**WHAT YOU HAVE TO DO**
Using the records below, filter for lines that contain the string "Assumption" and copy them out.

-------- RECORDS FOR THIS TASK --------

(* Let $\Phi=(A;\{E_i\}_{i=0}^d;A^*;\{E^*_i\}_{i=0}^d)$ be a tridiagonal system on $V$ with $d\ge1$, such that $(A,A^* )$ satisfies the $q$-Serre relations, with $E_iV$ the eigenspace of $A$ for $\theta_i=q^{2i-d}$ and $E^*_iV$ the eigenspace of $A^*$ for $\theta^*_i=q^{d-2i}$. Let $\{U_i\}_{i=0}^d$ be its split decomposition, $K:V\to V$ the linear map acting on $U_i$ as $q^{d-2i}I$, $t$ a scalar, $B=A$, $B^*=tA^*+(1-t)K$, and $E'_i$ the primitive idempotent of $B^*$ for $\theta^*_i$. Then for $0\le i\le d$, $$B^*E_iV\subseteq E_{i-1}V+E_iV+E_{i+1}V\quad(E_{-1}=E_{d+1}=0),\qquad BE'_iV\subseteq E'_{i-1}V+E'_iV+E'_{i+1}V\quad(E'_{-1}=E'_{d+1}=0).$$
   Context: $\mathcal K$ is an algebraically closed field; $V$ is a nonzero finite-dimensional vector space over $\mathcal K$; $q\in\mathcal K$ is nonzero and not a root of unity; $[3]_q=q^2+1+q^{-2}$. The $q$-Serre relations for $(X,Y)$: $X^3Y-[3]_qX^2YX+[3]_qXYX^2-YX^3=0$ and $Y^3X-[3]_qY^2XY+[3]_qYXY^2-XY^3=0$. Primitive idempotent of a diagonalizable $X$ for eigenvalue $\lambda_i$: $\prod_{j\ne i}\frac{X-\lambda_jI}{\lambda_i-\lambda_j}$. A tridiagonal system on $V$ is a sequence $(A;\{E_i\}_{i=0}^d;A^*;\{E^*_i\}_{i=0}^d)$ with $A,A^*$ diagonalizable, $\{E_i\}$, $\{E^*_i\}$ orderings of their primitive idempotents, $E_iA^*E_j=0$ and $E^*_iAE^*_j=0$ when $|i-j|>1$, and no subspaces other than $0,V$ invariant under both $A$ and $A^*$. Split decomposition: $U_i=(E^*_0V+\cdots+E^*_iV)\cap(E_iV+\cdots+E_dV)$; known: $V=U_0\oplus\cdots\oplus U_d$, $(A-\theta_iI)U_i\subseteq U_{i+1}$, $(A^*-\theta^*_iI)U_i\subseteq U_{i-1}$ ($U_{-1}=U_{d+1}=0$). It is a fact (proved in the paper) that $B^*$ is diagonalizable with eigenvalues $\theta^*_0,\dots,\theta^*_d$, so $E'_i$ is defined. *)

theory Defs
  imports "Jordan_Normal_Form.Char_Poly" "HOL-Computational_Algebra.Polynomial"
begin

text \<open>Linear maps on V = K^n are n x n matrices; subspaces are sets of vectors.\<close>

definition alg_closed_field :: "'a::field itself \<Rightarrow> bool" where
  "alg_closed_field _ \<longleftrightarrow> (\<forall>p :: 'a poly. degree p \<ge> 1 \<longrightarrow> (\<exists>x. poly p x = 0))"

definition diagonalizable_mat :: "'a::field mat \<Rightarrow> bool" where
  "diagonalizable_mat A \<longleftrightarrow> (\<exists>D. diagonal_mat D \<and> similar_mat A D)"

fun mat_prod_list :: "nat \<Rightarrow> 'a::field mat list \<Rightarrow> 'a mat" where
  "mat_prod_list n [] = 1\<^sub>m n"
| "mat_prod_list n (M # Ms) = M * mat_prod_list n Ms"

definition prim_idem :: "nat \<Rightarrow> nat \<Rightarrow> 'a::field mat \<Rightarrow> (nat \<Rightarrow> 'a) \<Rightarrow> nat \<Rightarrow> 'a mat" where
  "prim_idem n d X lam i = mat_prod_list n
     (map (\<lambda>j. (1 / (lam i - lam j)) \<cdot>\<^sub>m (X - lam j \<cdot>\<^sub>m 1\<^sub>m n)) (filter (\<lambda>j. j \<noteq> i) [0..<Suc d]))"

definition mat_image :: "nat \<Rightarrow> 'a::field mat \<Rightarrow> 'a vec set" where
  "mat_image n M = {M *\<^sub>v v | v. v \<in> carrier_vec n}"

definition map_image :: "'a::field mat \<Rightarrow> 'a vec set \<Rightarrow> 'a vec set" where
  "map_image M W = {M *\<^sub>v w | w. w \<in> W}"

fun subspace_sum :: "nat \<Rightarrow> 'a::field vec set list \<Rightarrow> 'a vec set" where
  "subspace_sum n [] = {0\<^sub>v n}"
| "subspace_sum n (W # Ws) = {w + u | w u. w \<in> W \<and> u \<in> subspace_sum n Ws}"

--------
-------- RECORDS FOR THIS TASK --------

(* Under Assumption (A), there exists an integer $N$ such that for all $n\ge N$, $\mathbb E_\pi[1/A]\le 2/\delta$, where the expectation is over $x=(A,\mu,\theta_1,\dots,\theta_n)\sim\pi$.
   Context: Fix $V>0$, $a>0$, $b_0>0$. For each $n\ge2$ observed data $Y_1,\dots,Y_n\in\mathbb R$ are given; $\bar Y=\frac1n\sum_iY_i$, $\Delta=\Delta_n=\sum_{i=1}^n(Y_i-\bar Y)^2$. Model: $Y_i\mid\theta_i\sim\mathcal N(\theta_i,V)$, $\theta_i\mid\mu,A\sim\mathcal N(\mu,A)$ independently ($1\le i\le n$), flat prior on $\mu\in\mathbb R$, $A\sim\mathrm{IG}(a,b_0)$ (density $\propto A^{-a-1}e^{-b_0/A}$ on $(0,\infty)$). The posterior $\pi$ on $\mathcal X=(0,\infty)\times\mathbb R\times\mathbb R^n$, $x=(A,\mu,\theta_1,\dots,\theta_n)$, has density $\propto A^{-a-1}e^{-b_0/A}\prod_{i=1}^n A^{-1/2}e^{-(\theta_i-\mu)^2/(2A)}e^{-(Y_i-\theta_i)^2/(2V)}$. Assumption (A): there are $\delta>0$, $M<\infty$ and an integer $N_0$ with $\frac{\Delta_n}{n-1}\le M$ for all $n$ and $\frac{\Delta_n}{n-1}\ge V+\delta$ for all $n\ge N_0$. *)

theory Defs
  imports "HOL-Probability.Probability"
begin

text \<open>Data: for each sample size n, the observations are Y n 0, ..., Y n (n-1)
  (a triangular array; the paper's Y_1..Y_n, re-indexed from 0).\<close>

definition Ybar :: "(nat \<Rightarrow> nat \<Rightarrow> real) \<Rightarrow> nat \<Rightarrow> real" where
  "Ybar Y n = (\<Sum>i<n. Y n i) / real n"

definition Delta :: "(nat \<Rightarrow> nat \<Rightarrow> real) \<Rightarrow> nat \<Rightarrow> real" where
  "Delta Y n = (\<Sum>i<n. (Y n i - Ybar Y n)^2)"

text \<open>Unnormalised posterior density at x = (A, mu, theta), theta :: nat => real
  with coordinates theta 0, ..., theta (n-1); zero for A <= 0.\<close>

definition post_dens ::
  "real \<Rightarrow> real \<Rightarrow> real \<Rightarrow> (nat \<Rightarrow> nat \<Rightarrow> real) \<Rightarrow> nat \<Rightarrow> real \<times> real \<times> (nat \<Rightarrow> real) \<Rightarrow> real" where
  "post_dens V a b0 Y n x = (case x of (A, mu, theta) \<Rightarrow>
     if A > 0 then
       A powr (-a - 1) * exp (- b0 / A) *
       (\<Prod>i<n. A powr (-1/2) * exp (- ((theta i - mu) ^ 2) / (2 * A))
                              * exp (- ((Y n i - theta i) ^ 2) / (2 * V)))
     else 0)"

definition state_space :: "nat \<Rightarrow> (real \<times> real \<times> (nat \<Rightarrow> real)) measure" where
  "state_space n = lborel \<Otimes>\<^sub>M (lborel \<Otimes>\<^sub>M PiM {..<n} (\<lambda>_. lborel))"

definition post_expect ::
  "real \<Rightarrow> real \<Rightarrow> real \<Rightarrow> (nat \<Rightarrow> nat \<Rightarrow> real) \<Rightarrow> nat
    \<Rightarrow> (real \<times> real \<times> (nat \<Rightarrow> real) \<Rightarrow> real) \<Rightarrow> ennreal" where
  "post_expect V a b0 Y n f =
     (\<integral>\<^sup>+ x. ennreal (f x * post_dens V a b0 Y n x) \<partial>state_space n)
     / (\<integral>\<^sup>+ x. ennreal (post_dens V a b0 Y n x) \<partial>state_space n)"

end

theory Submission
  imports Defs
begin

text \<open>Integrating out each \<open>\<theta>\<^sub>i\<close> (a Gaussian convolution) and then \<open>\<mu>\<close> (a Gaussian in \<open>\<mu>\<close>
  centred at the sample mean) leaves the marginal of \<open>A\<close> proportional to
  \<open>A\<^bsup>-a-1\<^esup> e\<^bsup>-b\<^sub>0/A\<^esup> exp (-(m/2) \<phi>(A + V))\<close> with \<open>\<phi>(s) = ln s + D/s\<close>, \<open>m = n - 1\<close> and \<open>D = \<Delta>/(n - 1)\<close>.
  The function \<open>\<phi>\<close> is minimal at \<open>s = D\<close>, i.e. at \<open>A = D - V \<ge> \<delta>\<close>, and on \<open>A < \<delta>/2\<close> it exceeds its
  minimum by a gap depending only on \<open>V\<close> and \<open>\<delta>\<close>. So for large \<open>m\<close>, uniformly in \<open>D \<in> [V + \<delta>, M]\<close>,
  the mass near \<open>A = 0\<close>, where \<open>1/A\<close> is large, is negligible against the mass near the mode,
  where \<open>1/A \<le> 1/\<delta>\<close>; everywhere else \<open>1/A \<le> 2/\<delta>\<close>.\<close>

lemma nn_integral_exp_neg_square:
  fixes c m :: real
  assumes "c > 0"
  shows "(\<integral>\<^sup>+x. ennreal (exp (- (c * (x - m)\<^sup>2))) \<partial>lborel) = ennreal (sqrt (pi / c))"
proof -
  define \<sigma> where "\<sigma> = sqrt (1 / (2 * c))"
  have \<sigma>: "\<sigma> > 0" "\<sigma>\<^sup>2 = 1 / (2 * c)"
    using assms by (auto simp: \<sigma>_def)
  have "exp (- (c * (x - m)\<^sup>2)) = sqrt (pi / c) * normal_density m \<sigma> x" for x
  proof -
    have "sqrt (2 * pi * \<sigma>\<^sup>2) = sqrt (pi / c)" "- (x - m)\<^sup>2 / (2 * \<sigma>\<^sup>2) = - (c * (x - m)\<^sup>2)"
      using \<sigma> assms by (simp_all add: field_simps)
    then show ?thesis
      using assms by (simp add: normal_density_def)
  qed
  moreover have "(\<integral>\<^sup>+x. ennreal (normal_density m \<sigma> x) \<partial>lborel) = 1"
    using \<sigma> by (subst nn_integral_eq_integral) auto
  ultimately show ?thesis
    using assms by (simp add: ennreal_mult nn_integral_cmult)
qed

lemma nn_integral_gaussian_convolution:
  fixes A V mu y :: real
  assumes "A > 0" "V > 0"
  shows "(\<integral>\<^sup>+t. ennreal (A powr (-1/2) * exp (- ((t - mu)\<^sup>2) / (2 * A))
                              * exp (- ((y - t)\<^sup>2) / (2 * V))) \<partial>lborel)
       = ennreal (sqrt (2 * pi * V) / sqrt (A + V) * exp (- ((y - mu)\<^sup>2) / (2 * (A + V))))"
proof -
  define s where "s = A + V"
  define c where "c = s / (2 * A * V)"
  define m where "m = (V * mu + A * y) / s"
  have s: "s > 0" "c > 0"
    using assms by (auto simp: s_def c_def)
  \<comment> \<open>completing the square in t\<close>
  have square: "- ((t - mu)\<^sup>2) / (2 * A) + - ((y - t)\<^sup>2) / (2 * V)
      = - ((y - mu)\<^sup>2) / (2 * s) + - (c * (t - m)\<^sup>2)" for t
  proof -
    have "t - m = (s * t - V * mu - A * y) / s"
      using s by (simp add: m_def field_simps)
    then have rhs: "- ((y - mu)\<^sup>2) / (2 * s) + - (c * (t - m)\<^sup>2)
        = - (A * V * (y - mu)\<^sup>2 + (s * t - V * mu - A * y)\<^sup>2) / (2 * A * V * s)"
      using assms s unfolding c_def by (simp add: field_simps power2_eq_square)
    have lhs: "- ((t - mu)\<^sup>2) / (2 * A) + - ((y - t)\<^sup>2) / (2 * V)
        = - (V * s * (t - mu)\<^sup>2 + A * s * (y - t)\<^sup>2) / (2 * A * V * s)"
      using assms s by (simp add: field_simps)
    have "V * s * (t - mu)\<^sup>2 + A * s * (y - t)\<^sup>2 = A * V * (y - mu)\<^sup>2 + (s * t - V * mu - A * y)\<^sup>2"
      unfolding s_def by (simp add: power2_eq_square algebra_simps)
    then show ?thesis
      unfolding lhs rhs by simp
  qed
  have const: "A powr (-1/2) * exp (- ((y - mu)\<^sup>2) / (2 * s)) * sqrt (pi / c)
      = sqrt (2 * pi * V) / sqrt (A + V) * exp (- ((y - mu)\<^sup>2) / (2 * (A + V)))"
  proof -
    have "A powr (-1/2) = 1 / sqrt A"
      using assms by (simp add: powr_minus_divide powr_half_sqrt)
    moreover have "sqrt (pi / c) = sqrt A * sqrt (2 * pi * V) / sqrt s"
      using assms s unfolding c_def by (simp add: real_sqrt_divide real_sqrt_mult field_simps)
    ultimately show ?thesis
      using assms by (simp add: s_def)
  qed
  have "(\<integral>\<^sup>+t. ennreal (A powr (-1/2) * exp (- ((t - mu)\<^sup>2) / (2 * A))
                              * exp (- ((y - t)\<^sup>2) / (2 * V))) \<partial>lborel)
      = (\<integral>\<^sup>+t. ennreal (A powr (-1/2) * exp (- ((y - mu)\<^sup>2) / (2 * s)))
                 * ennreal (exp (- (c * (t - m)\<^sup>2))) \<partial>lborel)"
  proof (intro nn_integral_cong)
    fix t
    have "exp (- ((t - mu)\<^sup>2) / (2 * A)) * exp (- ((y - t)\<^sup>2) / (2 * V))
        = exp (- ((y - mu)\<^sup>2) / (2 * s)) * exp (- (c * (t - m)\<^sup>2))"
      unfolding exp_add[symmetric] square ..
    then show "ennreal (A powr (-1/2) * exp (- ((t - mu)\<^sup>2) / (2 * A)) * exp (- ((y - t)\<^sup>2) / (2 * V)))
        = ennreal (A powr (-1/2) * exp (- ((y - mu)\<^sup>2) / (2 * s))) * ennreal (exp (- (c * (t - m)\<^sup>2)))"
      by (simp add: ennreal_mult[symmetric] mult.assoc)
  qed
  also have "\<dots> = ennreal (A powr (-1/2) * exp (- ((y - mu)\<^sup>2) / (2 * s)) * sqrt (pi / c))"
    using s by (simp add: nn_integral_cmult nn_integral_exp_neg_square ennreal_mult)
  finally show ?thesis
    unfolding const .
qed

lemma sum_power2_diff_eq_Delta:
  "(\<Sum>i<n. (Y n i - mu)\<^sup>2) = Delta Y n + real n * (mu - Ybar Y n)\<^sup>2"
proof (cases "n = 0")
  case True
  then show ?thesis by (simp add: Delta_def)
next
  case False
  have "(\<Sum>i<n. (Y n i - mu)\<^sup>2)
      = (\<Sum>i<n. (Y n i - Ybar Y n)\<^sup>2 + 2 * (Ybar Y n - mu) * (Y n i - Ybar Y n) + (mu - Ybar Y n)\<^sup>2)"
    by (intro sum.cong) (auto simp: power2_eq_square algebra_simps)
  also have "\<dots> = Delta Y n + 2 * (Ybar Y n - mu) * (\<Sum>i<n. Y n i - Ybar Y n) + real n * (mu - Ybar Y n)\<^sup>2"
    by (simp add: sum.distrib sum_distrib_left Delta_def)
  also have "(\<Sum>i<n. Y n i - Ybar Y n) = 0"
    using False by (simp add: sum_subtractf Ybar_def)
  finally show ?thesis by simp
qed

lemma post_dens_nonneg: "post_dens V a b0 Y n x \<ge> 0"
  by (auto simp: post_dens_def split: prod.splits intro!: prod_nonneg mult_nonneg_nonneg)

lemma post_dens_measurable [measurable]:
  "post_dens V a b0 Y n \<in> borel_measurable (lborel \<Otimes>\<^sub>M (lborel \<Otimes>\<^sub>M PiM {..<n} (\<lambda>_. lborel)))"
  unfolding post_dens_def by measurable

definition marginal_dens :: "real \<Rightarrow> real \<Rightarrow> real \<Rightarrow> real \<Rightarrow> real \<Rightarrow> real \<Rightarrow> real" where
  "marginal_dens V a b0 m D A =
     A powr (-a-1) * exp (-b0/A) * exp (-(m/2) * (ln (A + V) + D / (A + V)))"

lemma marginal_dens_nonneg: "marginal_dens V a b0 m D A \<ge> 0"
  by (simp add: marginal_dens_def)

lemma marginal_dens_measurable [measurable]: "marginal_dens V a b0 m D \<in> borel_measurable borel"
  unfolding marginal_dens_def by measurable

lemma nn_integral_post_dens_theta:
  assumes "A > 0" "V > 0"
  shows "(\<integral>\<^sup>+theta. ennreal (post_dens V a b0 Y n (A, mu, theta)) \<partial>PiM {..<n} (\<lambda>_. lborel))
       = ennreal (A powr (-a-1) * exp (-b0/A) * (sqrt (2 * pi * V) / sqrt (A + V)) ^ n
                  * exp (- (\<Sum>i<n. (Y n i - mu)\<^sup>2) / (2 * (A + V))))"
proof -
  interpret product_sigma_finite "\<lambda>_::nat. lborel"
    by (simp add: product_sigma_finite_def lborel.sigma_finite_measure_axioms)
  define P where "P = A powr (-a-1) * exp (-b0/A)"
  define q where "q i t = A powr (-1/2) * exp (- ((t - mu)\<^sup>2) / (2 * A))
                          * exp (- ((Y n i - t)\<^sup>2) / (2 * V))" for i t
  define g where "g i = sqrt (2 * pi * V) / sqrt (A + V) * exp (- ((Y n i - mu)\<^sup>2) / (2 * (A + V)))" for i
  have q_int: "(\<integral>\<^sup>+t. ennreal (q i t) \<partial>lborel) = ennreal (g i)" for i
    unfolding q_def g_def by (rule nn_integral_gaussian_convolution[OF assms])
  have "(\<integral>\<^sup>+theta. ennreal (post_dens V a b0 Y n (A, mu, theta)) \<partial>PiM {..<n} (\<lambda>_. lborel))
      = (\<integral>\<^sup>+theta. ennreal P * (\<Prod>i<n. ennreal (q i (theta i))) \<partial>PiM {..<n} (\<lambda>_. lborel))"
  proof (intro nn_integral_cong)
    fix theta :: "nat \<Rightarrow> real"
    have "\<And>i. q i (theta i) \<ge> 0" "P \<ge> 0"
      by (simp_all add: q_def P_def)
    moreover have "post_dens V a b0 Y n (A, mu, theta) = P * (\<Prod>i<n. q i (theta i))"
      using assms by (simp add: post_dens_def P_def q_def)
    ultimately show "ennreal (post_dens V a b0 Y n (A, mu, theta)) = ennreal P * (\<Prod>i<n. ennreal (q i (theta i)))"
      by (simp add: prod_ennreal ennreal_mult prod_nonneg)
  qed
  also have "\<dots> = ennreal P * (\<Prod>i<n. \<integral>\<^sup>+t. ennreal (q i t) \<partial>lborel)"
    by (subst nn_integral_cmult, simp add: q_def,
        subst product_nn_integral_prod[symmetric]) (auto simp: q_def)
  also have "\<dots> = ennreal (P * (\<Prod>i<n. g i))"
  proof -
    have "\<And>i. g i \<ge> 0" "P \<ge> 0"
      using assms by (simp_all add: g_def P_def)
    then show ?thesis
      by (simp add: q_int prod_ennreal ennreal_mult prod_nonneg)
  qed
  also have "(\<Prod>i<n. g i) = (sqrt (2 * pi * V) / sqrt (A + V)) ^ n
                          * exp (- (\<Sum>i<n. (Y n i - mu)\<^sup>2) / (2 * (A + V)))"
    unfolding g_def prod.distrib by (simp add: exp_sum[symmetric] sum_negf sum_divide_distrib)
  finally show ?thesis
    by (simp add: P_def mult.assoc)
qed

--------

**TASK ANSWER**
(* Under Assumption (A), there exists an integer $N$ such that for all $n\ge N$, $\mathbb E_\pi[1/A]\le 2/\delta$, where the expectation is over $x=(A,\mu,\theta_1,\dots,\theta_n)\sim\pi$.
   Context: Fix $V>0$, $a>0$, $b_0>0$. For each $n\ge2$ observed data $Y_1,\dots,Y_n\in\mathbb R$ are given; $\bar Y=\frac1n\sum_iY_i$, $\Delta=\Delta_n=\sum_{i=1}^n(Y_i-\bar Y)^2$. Model: $Y_i\mid\theta_i\sim\mathcal N(\theta_i,V)$, $\theta_i\mid\mu,A\sim\mathcal N(\mu,A)$ independently ($1\le i\le n$), flat prior on $\mu\in\mathbb R$, $A\sim\mathrm{IG}(a,b_0)$ (density $\propto A^{-a-1}e^{-b_0/A}$ on $(0,\infty)$). The posterior $\pi$ on $\mathcal X=(0,\infty)\times\mathbb R\times\mathbb R^n$, $x=(A,\mu,\theta_1,\dots,\theta_n)$, has density $\propto A^{-a-1}e^{-b_0/A}\prod_{i=1}^n A^{-1/2}e^{-(\theta_i-\mu)^2/(2A)}e^{-(Y_i-\theta_i)^2/(2V)}$. Assumption (A): there are $\delta>0$, $M<\infty$ and an integer $N_0$ with $\frac{\Delta_n}{n-1}\le M$ for all $n$ and $\frac{\Delta_n}{n-1}\ge V+\delta$ for all $n\ge N_0$. *)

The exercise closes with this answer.